Task requirements: Say how many lines below contain the word "exists". The number is the entire reply.

Materials provided:
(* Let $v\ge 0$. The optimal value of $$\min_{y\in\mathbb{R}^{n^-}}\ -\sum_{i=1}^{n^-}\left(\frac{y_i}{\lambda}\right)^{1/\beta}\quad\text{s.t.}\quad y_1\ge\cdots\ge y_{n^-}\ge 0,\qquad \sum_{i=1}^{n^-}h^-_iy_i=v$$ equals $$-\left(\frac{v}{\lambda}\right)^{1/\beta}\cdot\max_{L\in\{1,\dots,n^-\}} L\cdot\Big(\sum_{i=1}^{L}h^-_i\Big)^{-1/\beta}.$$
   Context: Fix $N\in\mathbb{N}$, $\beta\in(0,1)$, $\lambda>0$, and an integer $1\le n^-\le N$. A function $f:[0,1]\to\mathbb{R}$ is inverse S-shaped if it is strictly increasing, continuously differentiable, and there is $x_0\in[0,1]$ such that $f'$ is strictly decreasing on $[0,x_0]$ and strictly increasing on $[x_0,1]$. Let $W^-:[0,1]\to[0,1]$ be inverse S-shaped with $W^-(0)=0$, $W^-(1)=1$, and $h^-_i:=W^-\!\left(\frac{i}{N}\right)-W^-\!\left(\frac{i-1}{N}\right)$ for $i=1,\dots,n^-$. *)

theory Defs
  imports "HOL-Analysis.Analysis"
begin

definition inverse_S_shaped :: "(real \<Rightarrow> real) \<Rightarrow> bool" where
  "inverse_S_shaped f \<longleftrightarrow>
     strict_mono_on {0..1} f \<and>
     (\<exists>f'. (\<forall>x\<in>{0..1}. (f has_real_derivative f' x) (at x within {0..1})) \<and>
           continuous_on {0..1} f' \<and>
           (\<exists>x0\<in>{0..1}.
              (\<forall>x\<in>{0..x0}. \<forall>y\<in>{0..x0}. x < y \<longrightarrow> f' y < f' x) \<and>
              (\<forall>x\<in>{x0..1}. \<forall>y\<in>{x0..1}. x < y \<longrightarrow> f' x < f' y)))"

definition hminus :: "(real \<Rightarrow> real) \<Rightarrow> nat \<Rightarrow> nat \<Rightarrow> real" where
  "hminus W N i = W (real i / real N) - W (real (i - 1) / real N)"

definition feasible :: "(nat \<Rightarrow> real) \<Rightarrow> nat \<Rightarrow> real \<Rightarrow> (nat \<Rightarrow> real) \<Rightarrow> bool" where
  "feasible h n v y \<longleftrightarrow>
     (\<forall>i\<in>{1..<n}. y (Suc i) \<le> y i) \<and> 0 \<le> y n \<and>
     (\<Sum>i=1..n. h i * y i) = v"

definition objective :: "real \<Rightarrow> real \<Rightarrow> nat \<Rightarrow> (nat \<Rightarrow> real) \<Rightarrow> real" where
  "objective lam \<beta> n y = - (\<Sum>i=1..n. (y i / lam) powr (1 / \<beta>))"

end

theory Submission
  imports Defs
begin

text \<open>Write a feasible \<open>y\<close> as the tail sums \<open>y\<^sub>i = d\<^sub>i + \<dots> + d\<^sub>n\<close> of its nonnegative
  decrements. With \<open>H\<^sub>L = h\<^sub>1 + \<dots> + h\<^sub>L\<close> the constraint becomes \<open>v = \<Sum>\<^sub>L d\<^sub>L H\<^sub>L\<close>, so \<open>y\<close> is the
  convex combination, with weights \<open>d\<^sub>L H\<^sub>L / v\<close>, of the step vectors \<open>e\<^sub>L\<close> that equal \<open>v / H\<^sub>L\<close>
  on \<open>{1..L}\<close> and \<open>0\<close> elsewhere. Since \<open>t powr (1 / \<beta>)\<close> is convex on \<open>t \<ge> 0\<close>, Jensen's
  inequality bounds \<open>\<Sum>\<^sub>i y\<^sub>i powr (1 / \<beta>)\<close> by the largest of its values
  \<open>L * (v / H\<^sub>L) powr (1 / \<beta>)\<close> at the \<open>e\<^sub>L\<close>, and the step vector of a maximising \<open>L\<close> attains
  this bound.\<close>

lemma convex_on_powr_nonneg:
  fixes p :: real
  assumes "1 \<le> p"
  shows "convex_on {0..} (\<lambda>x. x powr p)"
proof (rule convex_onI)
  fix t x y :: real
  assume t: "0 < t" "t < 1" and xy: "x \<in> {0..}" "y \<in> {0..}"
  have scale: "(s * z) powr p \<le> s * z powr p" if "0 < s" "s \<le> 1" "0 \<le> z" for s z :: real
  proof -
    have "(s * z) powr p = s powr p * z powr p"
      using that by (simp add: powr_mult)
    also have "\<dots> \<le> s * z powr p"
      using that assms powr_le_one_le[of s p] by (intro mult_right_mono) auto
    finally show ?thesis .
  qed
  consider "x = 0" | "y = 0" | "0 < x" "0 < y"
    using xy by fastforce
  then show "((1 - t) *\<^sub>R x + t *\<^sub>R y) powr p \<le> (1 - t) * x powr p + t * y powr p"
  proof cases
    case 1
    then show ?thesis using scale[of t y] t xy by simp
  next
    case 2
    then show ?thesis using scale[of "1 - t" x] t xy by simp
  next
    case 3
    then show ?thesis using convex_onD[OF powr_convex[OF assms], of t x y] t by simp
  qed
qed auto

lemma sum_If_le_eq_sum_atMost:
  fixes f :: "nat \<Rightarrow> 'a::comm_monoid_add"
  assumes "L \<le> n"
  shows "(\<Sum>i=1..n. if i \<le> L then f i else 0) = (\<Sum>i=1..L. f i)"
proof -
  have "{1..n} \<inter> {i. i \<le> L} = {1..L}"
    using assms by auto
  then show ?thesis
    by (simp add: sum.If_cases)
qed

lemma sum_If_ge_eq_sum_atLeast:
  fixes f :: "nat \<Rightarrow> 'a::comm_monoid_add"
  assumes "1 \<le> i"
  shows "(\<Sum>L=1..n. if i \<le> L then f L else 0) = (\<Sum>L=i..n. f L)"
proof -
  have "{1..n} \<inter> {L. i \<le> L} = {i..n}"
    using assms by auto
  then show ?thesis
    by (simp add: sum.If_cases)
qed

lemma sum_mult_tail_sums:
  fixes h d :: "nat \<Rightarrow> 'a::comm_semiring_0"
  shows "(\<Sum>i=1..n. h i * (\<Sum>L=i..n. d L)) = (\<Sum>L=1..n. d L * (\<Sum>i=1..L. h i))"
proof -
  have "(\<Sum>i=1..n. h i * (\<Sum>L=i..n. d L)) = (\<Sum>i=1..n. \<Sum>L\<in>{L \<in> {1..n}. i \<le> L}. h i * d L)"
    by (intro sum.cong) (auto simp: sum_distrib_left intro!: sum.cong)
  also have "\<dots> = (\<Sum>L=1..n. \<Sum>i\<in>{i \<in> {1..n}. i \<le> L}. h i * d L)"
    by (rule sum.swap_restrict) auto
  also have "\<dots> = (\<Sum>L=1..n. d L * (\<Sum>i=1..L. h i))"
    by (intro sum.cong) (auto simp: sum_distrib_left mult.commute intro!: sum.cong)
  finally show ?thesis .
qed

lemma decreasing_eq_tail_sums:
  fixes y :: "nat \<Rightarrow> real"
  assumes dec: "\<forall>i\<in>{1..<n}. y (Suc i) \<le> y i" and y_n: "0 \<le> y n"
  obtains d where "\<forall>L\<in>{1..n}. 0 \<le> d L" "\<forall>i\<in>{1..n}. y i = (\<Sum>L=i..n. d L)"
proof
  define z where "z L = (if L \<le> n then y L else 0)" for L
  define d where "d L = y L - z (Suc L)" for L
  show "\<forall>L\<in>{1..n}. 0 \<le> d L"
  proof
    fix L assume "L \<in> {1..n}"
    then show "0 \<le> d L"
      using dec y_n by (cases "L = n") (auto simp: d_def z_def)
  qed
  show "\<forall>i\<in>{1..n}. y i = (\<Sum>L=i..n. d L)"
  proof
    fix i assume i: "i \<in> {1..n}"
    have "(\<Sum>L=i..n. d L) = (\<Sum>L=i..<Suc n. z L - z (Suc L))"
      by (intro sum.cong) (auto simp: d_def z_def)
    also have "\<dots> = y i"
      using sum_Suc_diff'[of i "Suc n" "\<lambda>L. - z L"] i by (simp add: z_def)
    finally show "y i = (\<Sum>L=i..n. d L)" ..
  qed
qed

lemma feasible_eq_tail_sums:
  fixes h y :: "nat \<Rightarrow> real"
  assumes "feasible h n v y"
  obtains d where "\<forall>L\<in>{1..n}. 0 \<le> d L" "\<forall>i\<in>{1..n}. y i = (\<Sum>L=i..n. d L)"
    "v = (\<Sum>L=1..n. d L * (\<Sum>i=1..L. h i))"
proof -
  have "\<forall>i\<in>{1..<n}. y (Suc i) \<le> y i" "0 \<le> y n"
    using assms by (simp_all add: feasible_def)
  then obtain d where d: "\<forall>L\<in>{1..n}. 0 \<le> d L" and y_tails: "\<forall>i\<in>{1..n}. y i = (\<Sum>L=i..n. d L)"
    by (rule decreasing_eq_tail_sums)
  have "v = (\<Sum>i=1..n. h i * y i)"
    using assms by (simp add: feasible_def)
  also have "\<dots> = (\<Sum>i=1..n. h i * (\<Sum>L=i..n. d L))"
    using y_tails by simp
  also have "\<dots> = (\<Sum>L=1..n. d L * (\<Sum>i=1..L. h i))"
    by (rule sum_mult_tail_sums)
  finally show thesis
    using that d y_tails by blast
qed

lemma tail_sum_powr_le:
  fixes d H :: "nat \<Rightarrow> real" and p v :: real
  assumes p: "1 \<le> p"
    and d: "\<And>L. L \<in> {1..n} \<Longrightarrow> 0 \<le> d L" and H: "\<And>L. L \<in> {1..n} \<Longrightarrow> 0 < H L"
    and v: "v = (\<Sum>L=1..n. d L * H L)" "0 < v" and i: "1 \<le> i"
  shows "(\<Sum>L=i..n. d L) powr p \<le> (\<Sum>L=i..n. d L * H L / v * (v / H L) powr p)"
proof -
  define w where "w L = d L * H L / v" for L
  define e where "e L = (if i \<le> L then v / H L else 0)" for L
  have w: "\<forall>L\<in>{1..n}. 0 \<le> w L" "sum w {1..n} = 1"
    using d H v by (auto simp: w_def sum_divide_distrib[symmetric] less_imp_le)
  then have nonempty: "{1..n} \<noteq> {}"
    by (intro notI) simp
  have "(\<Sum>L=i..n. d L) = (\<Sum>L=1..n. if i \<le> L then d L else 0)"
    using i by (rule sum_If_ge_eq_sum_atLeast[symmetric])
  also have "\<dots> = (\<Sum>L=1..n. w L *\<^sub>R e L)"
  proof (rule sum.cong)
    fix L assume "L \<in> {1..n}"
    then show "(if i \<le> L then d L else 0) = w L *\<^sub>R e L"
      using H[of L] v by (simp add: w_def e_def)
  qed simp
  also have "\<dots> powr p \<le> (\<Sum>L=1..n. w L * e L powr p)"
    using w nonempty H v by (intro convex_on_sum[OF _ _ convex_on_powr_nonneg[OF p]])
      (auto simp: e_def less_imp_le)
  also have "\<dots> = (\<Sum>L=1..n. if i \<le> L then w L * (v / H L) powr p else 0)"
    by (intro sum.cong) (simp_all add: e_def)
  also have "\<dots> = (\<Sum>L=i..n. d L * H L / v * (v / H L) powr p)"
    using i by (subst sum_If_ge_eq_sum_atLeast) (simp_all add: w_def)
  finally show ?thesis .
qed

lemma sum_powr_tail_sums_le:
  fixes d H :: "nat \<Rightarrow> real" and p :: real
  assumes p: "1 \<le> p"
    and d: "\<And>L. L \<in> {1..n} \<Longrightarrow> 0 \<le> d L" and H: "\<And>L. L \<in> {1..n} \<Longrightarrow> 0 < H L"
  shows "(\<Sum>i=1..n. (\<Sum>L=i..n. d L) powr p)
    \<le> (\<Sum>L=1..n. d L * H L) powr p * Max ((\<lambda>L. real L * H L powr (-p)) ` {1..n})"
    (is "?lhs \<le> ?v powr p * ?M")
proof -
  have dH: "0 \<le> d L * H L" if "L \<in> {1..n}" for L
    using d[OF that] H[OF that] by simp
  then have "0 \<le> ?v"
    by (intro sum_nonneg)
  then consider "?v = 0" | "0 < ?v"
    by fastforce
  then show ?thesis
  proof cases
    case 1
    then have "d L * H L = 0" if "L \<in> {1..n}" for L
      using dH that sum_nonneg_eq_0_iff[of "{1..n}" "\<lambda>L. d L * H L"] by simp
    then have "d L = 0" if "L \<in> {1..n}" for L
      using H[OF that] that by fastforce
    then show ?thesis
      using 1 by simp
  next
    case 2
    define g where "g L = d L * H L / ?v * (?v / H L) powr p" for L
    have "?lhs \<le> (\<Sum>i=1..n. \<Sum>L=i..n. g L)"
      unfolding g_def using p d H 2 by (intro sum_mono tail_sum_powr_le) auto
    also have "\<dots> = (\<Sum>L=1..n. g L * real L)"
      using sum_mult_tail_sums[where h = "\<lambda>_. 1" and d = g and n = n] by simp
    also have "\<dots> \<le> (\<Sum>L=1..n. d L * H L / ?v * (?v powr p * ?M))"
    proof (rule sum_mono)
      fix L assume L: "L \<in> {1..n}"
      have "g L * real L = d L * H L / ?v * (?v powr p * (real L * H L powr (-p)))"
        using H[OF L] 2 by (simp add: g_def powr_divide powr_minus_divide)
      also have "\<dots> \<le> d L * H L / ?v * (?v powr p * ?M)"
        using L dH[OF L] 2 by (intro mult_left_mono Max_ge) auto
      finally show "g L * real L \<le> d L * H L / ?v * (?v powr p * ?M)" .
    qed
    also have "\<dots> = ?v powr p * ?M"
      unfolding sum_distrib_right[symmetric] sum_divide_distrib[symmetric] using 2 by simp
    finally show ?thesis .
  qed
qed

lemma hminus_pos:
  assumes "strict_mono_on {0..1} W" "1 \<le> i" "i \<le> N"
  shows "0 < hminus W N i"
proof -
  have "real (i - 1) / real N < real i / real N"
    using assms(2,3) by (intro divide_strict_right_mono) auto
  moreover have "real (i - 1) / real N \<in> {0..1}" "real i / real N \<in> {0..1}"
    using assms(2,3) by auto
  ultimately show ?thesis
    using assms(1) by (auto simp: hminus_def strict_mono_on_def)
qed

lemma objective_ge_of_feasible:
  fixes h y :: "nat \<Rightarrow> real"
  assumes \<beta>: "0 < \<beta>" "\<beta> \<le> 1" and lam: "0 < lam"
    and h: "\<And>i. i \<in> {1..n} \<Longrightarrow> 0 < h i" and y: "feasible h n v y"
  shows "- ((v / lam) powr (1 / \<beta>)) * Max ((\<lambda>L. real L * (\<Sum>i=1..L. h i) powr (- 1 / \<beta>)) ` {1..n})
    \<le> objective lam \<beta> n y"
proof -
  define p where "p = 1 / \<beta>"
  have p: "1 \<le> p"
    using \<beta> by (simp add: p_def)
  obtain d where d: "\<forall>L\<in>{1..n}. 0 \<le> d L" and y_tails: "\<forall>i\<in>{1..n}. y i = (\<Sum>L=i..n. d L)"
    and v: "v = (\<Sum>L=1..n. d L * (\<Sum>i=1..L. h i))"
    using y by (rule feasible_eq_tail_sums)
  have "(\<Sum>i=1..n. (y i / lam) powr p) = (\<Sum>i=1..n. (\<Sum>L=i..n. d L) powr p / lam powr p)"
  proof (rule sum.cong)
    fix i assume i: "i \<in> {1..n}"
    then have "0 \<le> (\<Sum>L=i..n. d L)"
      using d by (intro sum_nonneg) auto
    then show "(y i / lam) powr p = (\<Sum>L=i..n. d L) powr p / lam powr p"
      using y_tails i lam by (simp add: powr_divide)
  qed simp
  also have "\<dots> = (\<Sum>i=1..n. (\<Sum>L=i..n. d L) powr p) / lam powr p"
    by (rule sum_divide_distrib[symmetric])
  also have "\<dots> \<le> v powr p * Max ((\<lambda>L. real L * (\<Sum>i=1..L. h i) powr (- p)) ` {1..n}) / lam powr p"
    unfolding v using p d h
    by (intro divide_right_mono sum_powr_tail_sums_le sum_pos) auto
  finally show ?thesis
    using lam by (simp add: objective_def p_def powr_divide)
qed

Result for this task: 2